Jason Isbell and the 400 Unit (photo by Danny Clinch, PR)
by Darren DeVivo | 06/19/2017 | 12:15am

Jason Isbell and the 400 Unit (photo by Danny Clinch, PR)

Jason Isbell and the 400 Unit
The Nashville Sound
Southeastern/Thirty Tigers

The title of Jason Isbell and the 400 Unit's new album is both a description and a declaration: The Nashville Sound is exactly what you hear, and it’s that sound that exemplifies what authentic, honest-to-goodness Nashville music is today.

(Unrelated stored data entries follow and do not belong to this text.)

(* Let $k, \ell \in \mathbb{N}$. Then $|\mathcal{J}(k,\ell)_n| = O(n^{k-1}F_{n,\ell})$ as $n \to \infty$, where $\mathcal{J}(k,\ell)_n$ is the set of members of $\mathcal{J}(k,\ell)$ with vertex set $[n]$.
   Context: Ordered graphs of order $n$ have vertex set $[n]$ with natural order; $A\leqslant B$ means $A$ is an induced ordered subgraph of $B$ (via an injective order-preserving map preserving adjacency and non-adjacency). $G_1+\dots+G_m$ places copies of $G_1,\dots,G_m$ consecutively from left to right with no edges between copies. For $n\in\mathbb{N}$: $J^{(n)}_1=K_n$; $J^{(n)}_2$ on $[n]$ with edge set $\{1n\}$ if $n\geqslant2$ (empty if $n=1$); $J^{(n)}_3$ on $[n]$ with edges $\{1i: 2\leqslant i\leqslant n\}$; $J^{(n)}_4$ on $[n]$ with edges $\{in: 1\leqslant i\leqslant n-1\}$; $L^{(n)}$ on $[n]$ with edges $\{i(i+1): 1\leqslant i\leqslant n-1\}$; $Q_1$ on $[4]$ with edges $\{13,24\}$; $Q_2$ on $[4]$ with edges $\{14,23\}$. For $\ell\in\{1,2,3\}$, $\mathcal{J}_\ell=\{J^{(n)}_i: i\in[4], n\leqslant\ell\}\cup\{L^{(n)}: n\leqslant\ell\}$; for $\ell\geqslant4$, $\mathcal{J}_\ell$ is this set together with $Q_1,Q_2$. An ordered graph $G$ is in $\mathcal{J}(k,\ell)$ iff there are $s\leqslant k$ ordered graphs $A_1,\dots,A_s$ with $G=A_1+\dots+A_s$ such that each $A_i=B^{(i)}_1+\dots+B^{(i)}_{t(i)}$ with all $B^{(i)}_j\in\mathcal{J}_\ell$ and, for every pair $j,j'$, $B^{(i)}_j\leqslant B^{(i)}_{j'}$ or $B^{(i)}_{j'}\leqslant B^{(i)}_j$. $F_{n,\ell}$: $F_{n,\ell}=0$ for $n<0$, $F_{0,\ell}=1$, $F_{n,\ell}=F_{n-1,\ell}+\dots+F_{n-\ell,\ell}$ for $n\geqslant1$. *)

theory Defs
  imports Main "HOL-Library.Landau_Symbols"
begin

text \<open>An ordered graph of order n: vertex set {1..n} with natural order,
  edges stored as pairs (i,j) with 1 <= i < j <= n.\<close>
type_synonym ograph = "nat \<times> (nat \<times> nat) set"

Isbell follows his 2015 solo offering, Something More Than Free, with his first studio recording with the 400 Unit in six years. An Alabama native now based in Nashville, Isbell is in fine voice here: clear, pointed and demanding to be heard. His last two solo albums found Isbell looking inward, especially 2013’s Southeastern. The Nashville Sound casts its net wider, but never completely away from Isbell, or characters like himself.

Isbell amicably left Drive-By Truckers ten years ago and released his first solo album, Sirens of the Ditch, that same year. He followed his debut with the first album to feature his new band, the 400 Unit. The album, Jason Isbell And The 400 Unit, was released in early 2009. Isbell and the band returned two years later with a second album, Here We Rest, but since 2011, Isbell has concentrated on recording as a solo artist. For this album, he decided the time was right to strike up the band again.

On The Nashville Sound, post-election blues are flung around in “Hope The High Road,” but not without an attempt at finding some hope: "Wherever you are I hope the high road leads you home again/to a world you want to live in.”

“White Man’s World” deals with social privilege and racism from the point of view of a white man, disgusted over the hardships of the disadvantaged. The plight of the down-and-out coal miner, reeling as his industry dies, is lamented in the rocker “Cumberland Gap.” The acoustic “If We Were Vampires” is an emotionally gripping love song that features Isbell’s wife and bandmate, country artist Amanda Shires, on vocals. Proof of Isbell’s brilliant songwriting skills can be found in this song, featuring lines like, “It’s knowing that this can’t go on forever/Likely one of us will have to spend some days alone./Maybe we’ll get forty years together, but one day I’ll be gone/or one day you’ll be gone.”

The wistfully hopeful “Something To Love” closes the album with a sentiment that, despite the brutal state of the world, the future can be positive. In a message meant for his young daughter with Shires, Isbell sings: “I don’t quite recognize the world you’ll call home/Just find what makes you happy girl, and do it ‘til you’re gone.” It’s sound advice we all could use.

The presence of the 400 Unit adds bulk to many of the songs on this album. Melodies on The Nashville Sound range from acoustic numbers with electronic touches (“Chaos And Clothes”), jangly guitar-driven pop (“Molotov”), and crunchy epics (“Anxiety”). Once again, Isbell turned to producer Dave Cobb who also helmed the sessions for the albums Southeastern and Something More Than Free. Isbell plays acoustic and electric guitars, and the 400 Unit features original members Derry DeBorja (keyboards), Jimbo Hart (bass), Chad Gamble (drums), and Sadler Vaden (guitar). Shires is on strings and backing vocals. Isbell wrote all the songs on The Nashville Sound, with help from Shires on “Anxiety."

The Nashville Sound presents Isbell at the top of his game and reinforces his reputation as one of the premier songwriters in this country. With artists like Isbell at the forefront, the music of Nashville is a shining beacon of American country, Americana and rock.